* Exercise:
As the answer, set down the lines below from the one containing "using mu_pos by (simp add: field_simps" through the one containing "define A B U", exactly and inclusively, and no others.

* Data:
lemma norm_ghat_le:
  assumes s: "xs t \<in> space P" and u: "norm (us t) \<le> 1"
  shows "norm (ghat xs us t) \<le> real CARD('n) * (real CARD('n) * \<eta>) + real CARD('n) * L * \<mu> / 2"
proof -
  define x d where "x = iterate xs us t" and "d = real CARD('n)"
  have "\<bar>inner (DF x (xs t)) (\<mu> *\<^sub>R us t)\<bar> \<le> norm (DF x (xs t)) * norm (\<mu> *\<^sub>R us t)"
    by (rule Cauchy_Schwarz_ineq2)
  also have "\<dots> \<le> (d * \<eta>) * \<mu>"
    using norm_DF_le[OF s, of x] u mu_pos unfolding d_def
    by (intro mult_mono) (auto intro: mult_left_le order_trans[OF norm_ge_zero])
  finally have lin: "\<bar>inner (DF x (xs t)) (\<mu> *\<^sub>R us t)\<bar> \<le> d * \<eta> * \<mu>" .
  have "(norm (\<mu> *\<^sub>R us t))\<^sup>2 \<le> \<mu>\<^sup>2"
    using u mu_pos by (intro power_mono) (auto intro: mult_left_le)
  then have "L / 2 * (norm (\<mu> *\<^sub>R us t))\<^sup>2 \<le> L / 2 * \<mu>\<^sup>2"
    using L_pos by (intro mult_left_mono) auto
  moreover have "\<bar>F (x + \<mu> *\<^sub>R us t) (xs t) - F x (xs t) - inner (DF x (xs t)) (\<mu> *\<^sub>R us t)\<bar>
      \<le> L / 2 * (norm (\<mu> *\<^sub>R us t))\<^sup>2"
    using DF_quadratic_bound[OF s, of "x + \<mu> *\<^sub>R us t" x] by simp
  ultimately have diff: "\<bar>F (x + \<mu> *\<^sub>R us t) (xs t) - F x (xs t)\<bar> \<le> d * \<eta> * \<mu> + L / 2 * \<mu>\<^sup>2"
    using lin by linarith
  have "norm (ghat xs us t) = d / \<mu> * \<bar>F (x + \<mu> *\<^sub>R us t) (xs t) - F x (xs t)\<bar> * norm (us t)"
    unfolding zo_ghat_def zo_grad_def x_def d_def using mu_pos by (simp add: abs_mult)
  also have "\<dots> \<le> d / \<mu> * (d * \<eta> * \<mu> + L / 2 * \<mu>\<^sup>2) * 1"
    using diff u mu_pos by (intro mult_mono) (auto simp: d_def)
  also have "\<dots> = d * (d * \<eta>) + d * L * \<mu> / 2"
    using mu_pos by (simp add: field_simps power2_eq_square)
  finally show ?thesis unfolding d_def .
qed

lemma AE_directions_norm_le: "AE w in Om. \<forall>t\<in>{1..T}. norm (fst (snd w) t) \<le> 1"
proof (rule AE_finite_allI)
  fix t assume t: "t \<in> {1..T}"
  define A B U where "A = PiM {1..T} (\<lambda>_. P)"
    and "B = PiM {1..T} (\<lambda>_. unif_sphere :: (real^'n) measure)"
    and "U = uniform_count_measure {1..T}"
  interpret U: prob_space U
    unfolding U_def by (rule prob_space_uniform_count_measure) (use T_pos in auto)
  interpret BU: prob_space "B \<Otimes>\<^sub>M U"
    unfolding B_def by (intro prob_space_pair prob_spaces_omega(2) U.prob_space_axioms)
  have "AE us in B. norm (us t) \<le> 1"
    unfolding B_def using prob_space_unif_sphere t AE_unif_sphere_norm_le by (rule AE_PiM_component)
  then obtain N where N: "{us \<in> space B. \<not> norm (us t) \<le> 1} \<subseteq> N" "N \<in> null_sets B"
    by (auto elim!: AE_E)
  have "space A \<times> (N \<times> space U) \<in> null_sets (A \<Otimes>\<^sub>M (B \<Otimes>\<^sub>M U))"
    by (intro BU.times_in_null_sets2 U.times_in_null_sets1 N(2)) auto
  moreover have "{w \<in> space Om. \<not> norm (fst (snd w) t) \<le> 1} \<subseteq> space A \<times> (N \<times> space U)"
    using N(1) by (auto simp: omega_eq A_def B_def U_def space_pair_measure)
  ultimately show "AE w in Om. norm (fst (snd w) t) \<le> 1"
    unfolding omega_eq A_def B_def U_def by (rule AE_I')
qed (simp)
lemma Mod_real_witness:
  assumes k: "(k, kr, r) \<in> kinds" and u: "u \<in> Worlds" and m: "Mod kr i p \<in> Cl" "Mod kr i p \<notin> u"
  shows "\<exists>u'\<in>Worlds. Erel i u u' \<and> p \<in> u' \<and> \<not> goal_met r i u u' \<and>
    (\<forall>q. Mod k i q \<in> u \<longrightarrow> q \<notin> u') \<and> (\<forall>q. Mod kr i q \<in> u \<longrightarrow> q \<notin> u')"
proof -
  define Q where
    "Q = {a. Tri i (Imp a (Atom (r i))) \<in> u} \<union> {q. Mod k i q \<in> u} \<union> {q. Mod kr i q \<in> u}"
  have Q_Cl: "Q \<subseteq> Cl"
    unfolding Q_def by (auto dest: world_Tri_Imp(1)[OF u] Worlds_subset_Cl[OF u] Cl_sub(6))
  have Q_Mod: "\<forall>q\<in>Q. \<exists>g\<in>u. LCA rew pun (Imp g (Mod kr i q))"
  proof
    fix q assume "q \<in> Q"
    then have "is_L q" using Q_Cl Cl_is_L by blast
    from \<open>q \<in> Q\<close> consider (goal) "Tri i (Imp q (Atom (r i))) \<in> u" | (Mod) "Mod k i q \<in> u"
      | (Mod_real) "Mod kr i q \<in> u"
      unfolding Q_def by blast
    then show "\<exists>g\<in>u. LCA rew pun (Imp g (Mod kr i q))"
    proof cases
      case goal
      have "is_L0 q" using world_Tri_Imp(2)[OF u goal] .
      have "LCA rew pun (Imp (Tri i (Imp q (Atom (r i)))) (Mod kr i q))"
        by (rule LCA_taut_consequence2[OF kinds_LCA(1)[OF k \<open>is_L0 q\<close>] kinds_LCA(2)[OF k \<open>is_L q\<close>]])
          (use \<open>is_L0 q\<close> is_L0_imp_is_L in auto)
      then show ?thesis using goal by blast
    next
      case Mod
      then show ?thesis using kinds_LCA(2)[OF k \<open>is_L q\<close>, of i] by blast
    next
      case Mod_real
      then show ?thesis by (rule world_mem_derivable[OF u])
    qed
  qed
  have B_L: "forced i u \<subseteq> Collect is_L" using forced_is_L[OF u] by blast
  from compatible_world_exists[OF Mod_witness_consistent[OF u m B_L forced_Mod_real_derivable[OF k u]
      Q_Cl Q_Mod]]
  obtain u' where u': "u' \<in> Worlds" "compatible (forced i u \<union> insert p (Neg ` Q)) u'"
    by blast
  have "Erel i u u'" by (rule compatible_forced_Erel[OF u'(2) _ u]) auto
  moreover have "p \<in> u'" by (rule compatible_mem[OF u'(2)]) (use Cl_sub(6)[OF m(1)] in auto)
  moreover have "q \<notin> u'" if "q \<in> Q" for q
    using compatible_not_mem[OF u'(2)] that Q_Cl by blast
  ultimately show ?thesis using u'(1) unfolding goal_met_def Q_def by blast
qed

definition Copies :: "(('a, 'g) fm set \<times> bool) set" where
  "Copies = Worlds \<times> UNIV"

lemma fst_Copies: "t \<in> Copies \<Longrightarrow> fst t \<in> Worlds"
  unfolding Copies_def by auto

lemma finite_Copies: "finite Copies"
  unfolding Copies_def using finite_Worlds by simp

lemma tag_exists: "\<exists>f. inj_on f Copies \<and> (\<forall>t\<in>Copies. Atom (f t) \<notin> Cl)"
proof -
  have "finite (Atom -` Cl)" by (rule finite_vimageI[OF finite_Cl]) (auto simp: inj_def)
  then have "infinite (UNIV - Atom -` Cl)" using infinite_atoms by auto
  from infinite_arbitrarily_large[OF this]
  obtain C where C: "finite C" "card C = card Copies" "C \<subseteq> UNIV - Atom -` Cl"
    by blast
  have "card Copies \<le> card C" using C(2) by simp
  from card_le_inj[OF finite_Copies C(1) this]
  obtain f where "f ` Copies \<subseteq> C" "inj_on f Copies" by blast
  then show ?thesis using C(3) by (intro exI[of _ f]) auto
qed

definition tag :: "('a, 'g) fm set \<times> bool \<Rightarrow> 'a" where
  "tag = (SOME f. inj_on f Copies \<and> (\<forall>t\<in>Copies. Atom (f t) \<notin> Cl))"

lemma inj_on_tag: "inj_on tag Copies" and tag_notin_Cl: "t \<in> Copies \<Longrightarrow> Atom (tag t) \<notin> Cl"
  using someI_ex[OF tag_exists] unfolding tag_def[symmetric] by auto

definition marked :: "mkind \<Rightarrow> mkind \<Rightarrow> 'g \<Rightarrow> ('a, 'g) fm set \<Rightarrow> (('a, 'g) fm set \<times> bool) set" where
  "marked k kr i w = {(u, b). u \<in> Worlds \<and> ((\<exists>p. Mod k i p \<in> w \<and> p \<in> u) \<or>
      (b \<and> Erel i w u \<and> (\<exists>p. Mod kr i p \<in> w \<and> p \<in> u)))}"

definition canon_base :: "'g \<Rightarrow> ('a, 'g) fm set \<Rightarrow> ('a, 'g) fm set" where
  "canon_base i w = {a. Tri i a \<in> w}
     \<union> {Neg (Atom (tag t)) | t. t \<in> Copies \<and> \<not> (snd t \<and> Erel i w (fst t))}
     \<union> {Imp (Atom (tag t)) (Atom (r i)) | t k kr r. (k, kr, r) \<in> kinds \<and> t \<in> marked k kr i w}"

definition canon_state :: "('a, 'g) fm set \<times> bool \<Rightarrow> ('a, 'g) state" where
  "canon_state t = ((\<lambda>i. canon_base i (fst t)), {p. Atom p \<in> fst t} \<union> {tag t})"

definition canon_states :: "('a, 'g) state set" where
  "canon_states = canon_state ` Copies"

lemma fst_canon_state [simp]: "fst (canon_state t) i = canon_base i (fst t)"
  unfolding canon_state_def by simp

lemma marked_subset_Copies: "marked k kr i w \<subseteq> Copies"
  unfolding marked_def Copies_def by auto

lemma Ball_canon_states: "(\<forall>S\<in>canon_states. P S) \<longleftrightarrow> (\<forall>t\<in>Copies. P (canon_state t))"
  unfolding canon_states_def by blast

lemma tag_in_canon_state:
  assumes "t \<in> Copies" "t' \<in> Copies"
  shows "tag t' \<in> snd (canon_state t) \<longleftrightarrow> t' = t"
proof -
  have "Atom (tag t') \<notin> fst t"
    using tag_notin_Cl[OF assms(2)] Worlds_subset_Cl assms(1) by (auto simp: Copies_def)
  then show ?thesis using inj_onD[OF inj_on_tag _ assms(2,1)] unfolding canon_state_def by auto
qed

lemma canon_states_subset_states: "canon_states \<subseteq> states"
proof
  fix S assume "S \<in> canon_states"
  then obtain t where t: "t \<in> Copies" "S = canon_state t" unfolding canon_states_def by auto
  have "is_L0 a" if "a \<in> canon_base i (fst t)" for i a
    using that t(1) unfolding canon_base_def Copies_def
    by (auto dest: Worlds_subset_Cl intro: Cl_Tri_is_L0)
  then show "S \<in> states" unfolding states_def canon_state_def t(2) by auto
qed

lemma sat0_canon_state:
  "is_L0 a \<Longrightarrow> a \<in> Cl \<Longrightarrow> t \<in> Copies \<Longrightarrow> sat0 (canon_state t) a \<longleftrightarrow> a \<in> fst t"
proof (induction a)
  case (Atom p)
  then have "p \<noteq> tag t" using tag_notin_Cl[OF Atom.prems(3)] by auto
  then show ?case unfolding canon_state_def by simp
next
  case (Neg a)
  have "a \<in> Cl" using Neg.prems(2) by (rule Cl_sub)
  then show ?case using Neg world_Neg[OF fst_Copies] by simp
next
  case (Conj a b)
  have "a \<in> Cl" "b \<in> Cl" using Conj.prems(2) by (rule Cl_sub)+
  then show ?case using Conj world_Conj[OF fst_Copies] by simp
next
  case (Tri j a)
  have "a \<in> Cl" using Tri.prems(2) by (rule Cl_sub)
  \<comment> \<open>the tag-formulas in the base mention atoms outside the closure\<close>
  then have "a \<noteq> Neg (Atom (tag t'))" "a \<noteq> Imp (Atom (tag t')) b" if "t' \<in> Copies" for t' b
    using tag_notin_Cl[OF that] Cl_sub(1) Cl_Imp(1) by blast+
  then have "a \<in> canon_base j (fst t) \<longleftrightarrow> Tri j a \<in> fst t"
    unfolding canon_base_def using marked_subset_Copies by blast
  then show ?case unfolding canon_state_def by simp
qed simp_all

* Result for this exercise:
    using mu_pos by (simp add: field_simps power2_eq_square)
  finally show ?thesis unfolding d_def .
qed

lemma AE_directions_norm_le: "AE w in Om. \<forall>t\<in>{1..T}. norm (fst (snd w) t) \<le> 1"
proof (rule AE_finite_allI)
  fix t assume t: "t \<in> {1..T}"
  define A B U where "A = PiM {1..T} (\<lambda>_. P)"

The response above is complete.